[Stored data entries]
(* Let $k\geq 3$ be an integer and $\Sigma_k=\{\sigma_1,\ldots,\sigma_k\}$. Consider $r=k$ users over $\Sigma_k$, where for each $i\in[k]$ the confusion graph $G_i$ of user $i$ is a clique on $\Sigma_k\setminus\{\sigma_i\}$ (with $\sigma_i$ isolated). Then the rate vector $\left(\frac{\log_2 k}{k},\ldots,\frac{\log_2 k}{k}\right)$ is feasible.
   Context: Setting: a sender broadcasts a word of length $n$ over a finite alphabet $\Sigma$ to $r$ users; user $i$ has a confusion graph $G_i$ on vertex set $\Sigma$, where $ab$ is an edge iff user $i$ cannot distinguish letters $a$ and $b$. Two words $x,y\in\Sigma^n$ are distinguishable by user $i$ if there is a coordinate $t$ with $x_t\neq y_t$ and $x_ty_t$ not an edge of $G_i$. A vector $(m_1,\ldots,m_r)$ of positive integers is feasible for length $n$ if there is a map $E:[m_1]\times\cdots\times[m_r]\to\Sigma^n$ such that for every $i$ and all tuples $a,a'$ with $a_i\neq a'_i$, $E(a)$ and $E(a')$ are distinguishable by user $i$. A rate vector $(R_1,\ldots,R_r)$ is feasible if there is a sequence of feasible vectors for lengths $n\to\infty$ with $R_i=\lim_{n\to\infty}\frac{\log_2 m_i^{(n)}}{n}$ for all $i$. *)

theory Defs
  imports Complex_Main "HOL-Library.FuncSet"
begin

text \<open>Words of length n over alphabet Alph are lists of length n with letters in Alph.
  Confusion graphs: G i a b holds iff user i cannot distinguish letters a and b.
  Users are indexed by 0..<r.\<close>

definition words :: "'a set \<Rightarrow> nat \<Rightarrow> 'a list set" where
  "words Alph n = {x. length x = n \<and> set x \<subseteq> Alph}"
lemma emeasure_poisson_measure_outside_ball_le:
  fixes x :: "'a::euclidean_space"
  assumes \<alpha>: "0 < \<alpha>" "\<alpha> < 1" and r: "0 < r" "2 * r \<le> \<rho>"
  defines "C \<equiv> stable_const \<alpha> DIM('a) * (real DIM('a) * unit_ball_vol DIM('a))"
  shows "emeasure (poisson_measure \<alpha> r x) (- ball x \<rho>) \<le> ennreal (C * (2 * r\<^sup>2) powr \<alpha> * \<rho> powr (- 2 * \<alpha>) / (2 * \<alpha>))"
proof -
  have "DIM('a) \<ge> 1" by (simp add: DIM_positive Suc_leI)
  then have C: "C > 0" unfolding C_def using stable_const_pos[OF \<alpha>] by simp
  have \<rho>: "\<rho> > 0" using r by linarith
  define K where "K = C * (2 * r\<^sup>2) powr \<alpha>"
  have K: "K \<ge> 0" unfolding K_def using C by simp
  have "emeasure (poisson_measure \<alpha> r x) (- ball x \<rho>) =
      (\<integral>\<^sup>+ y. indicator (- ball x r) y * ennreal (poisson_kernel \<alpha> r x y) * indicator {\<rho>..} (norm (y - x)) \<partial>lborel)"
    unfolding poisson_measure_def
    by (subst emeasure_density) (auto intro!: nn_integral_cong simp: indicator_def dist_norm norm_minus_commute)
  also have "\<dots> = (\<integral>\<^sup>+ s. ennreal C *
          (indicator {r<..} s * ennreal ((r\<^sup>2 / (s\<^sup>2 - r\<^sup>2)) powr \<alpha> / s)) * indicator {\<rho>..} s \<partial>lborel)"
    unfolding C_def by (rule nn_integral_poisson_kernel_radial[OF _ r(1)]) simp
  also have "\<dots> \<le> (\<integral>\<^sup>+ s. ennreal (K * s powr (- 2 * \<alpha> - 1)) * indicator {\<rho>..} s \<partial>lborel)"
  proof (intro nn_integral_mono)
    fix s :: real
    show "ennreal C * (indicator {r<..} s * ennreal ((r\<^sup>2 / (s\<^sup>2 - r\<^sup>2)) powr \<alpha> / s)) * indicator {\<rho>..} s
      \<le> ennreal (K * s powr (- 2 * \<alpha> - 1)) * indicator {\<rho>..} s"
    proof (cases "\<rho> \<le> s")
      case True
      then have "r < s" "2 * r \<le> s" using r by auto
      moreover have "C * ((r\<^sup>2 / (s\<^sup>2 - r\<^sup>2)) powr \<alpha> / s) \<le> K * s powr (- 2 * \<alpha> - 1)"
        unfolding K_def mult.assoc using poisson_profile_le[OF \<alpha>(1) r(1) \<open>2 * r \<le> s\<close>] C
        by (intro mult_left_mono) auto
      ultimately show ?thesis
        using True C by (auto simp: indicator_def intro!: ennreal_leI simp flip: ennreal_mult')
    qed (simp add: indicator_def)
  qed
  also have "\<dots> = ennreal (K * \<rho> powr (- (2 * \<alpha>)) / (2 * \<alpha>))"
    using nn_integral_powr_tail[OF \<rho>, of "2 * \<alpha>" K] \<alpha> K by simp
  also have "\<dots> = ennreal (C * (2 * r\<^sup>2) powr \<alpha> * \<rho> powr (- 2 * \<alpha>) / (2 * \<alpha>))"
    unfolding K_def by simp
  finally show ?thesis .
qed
* * *
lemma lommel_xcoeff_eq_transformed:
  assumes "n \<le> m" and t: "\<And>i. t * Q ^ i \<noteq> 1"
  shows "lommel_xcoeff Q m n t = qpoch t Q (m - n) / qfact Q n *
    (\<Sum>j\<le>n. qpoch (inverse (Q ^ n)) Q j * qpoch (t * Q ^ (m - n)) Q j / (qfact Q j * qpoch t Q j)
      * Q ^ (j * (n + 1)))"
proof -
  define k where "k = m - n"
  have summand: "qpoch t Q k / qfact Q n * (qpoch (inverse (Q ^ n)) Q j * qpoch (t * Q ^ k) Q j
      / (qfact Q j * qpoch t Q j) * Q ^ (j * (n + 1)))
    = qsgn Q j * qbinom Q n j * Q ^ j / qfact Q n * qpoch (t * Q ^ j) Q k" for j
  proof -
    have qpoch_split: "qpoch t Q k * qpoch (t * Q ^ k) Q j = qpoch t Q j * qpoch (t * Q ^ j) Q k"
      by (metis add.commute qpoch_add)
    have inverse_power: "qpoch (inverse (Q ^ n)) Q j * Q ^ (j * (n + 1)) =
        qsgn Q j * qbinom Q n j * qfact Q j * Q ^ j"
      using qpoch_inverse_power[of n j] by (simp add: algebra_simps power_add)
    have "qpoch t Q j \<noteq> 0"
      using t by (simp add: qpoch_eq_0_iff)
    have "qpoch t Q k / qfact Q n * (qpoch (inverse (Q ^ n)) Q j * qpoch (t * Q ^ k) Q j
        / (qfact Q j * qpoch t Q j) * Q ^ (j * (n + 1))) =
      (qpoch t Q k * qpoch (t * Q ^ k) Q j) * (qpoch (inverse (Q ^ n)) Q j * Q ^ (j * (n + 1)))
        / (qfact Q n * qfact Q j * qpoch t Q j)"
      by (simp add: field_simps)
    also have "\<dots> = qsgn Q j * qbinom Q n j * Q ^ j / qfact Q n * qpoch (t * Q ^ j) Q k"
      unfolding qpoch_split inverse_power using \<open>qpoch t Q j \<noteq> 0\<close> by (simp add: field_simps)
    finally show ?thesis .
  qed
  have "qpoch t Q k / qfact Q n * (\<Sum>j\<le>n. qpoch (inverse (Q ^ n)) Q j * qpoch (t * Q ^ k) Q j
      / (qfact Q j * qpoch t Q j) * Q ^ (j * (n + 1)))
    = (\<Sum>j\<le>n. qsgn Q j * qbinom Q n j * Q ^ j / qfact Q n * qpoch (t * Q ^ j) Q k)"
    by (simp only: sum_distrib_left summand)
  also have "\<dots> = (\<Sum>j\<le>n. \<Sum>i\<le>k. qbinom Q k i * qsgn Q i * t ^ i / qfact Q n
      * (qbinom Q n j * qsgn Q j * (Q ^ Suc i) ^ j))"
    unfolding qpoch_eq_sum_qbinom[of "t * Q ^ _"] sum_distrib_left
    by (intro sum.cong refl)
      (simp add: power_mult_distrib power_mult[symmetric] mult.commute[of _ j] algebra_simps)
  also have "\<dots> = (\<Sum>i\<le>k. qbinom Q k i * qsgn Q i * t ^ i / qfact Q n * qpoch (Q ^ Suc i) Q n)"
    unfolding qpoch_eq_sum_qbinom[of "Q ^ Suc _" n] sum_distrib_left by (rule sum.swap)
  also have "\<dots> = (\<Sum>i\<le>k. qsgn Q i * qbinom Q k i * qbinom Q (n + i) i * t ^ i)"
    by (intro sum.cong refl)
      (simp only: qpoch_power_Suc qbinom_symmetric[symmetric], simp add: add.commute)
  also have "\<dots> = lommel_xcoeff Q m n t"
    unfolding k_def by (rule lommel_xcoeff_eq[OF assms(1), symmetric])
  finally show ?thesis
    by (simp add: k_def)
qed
...
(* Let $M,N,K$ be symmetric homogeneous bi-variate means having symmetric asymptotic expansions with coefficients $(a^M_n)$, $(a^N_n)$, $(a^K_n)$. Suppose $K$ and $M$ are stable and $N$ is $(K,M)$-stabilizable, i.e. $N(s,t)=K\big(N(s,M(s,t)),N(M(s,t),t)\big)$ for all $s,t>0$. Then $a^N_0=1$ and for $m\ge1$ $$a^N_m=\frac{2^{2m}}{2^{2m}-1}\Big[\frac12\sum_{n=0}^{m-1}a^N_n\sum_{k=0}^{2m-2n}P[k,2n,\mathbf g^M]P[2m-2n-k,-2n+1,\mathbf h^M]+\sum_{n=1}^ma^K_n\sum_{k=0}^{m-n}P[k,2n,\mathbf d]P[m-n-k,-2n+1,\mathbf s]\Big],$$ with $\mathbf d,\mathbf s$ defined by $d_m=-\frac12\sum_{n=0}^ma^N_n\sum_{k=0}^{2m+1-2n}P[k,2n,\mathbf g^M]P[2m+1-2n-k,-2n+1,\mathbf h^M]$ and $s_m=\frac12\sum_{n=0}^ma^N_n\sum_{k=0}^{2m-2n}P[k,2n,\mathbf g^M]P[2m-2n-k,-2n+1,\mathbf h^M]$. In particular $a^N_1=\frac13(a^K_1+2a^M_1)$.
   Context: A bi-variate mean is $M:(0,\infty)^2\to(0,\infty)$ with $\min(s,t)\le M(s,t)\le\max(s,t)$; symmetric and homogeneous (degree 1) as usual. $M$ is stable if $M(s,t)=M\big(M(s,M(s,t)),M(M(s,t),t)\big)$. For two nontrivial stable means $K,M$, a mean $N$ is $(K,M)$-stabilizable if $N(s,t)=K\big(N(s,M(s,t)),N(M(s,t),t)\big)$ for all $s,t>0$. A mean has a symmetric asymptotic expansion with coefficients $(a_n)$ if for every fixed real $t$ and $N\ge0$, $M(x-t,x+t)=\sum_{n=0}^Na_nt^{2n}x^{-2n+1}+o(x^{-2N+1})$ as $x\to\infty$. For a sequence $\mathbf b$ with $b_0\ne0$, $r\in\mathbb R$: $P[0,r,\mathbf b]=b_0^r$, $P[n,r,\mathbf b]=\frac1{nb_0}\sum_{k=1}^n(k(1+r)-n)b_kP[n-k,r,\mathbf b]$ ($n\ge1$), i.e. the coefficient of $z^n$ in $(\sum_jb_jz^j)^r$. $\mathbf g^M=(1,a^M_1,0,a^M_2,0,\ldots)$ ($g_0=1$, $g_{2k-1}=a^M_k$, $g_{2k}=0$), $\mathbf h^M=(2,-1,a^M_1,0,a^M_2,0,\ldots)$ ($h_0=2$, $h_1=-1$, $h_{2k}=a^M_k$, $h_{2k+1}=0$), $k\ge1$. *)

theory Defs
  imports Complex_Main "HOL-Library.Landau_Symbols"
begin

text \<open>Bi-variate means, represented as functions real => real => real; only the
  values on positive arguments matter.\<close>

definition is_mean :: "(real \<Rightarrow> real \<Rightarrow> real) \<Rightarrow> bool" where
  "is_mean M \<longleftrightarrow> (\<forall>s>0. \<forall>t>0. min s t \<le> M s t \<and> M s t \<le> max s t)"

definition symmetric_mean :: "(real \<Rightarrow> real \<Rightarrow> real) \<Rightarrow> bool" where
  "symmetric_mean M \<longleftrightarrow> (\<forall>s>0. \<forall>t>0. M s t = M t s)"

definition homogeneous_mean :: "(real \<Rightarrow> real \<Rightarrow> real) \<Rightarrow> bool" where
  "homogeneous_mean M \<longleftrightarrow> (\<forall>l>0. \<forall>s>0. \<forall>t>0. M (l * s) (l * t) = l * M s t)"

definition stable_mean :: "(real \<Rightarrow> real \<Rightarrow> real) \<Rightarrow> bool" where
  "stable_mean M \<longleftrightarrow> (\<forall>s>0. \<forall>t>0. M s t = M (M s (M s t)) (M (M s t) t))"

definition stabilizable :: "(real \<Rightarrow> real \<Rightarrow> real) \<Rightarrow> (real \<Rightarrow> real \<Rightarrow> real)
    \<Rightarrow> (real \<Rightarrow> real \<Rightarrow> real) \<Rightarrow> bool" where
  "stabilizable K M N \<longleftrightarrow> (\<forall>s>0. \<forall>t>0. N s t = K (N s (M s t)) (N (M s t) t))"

=== Exercise description ===
Please give an exact copy of the entries above, from the line with "fix s :: real" down to the line with "powr \<alpha> / s) \<le>", inclusive, and nothing else.

=== Written answer ===
    fix s :: real
    show "ennreal C * (indicator {r<..} s * ennreal ((r\<^sup>2 / (s\<^sup>2 - r\<^sup>2)) powr \<alpha> / s)) * indicator {\<rho>..} s
      \<le> ennreal (K * s powr (- 2 * \<alpha> - 1)) * indicator {\<rho>..} s"
    proof (cases "\<rho> \<le> s")
      case True
      then have "r < s" "2 * r \<le> s" using r by auto
      moreover have "C * ((r\<^sup>2 / (s\<^sup>2 - r\<^sup>2)) powr \<alpha> / s) \<le> K * s powr (- 2 * \<alpha> - 1)"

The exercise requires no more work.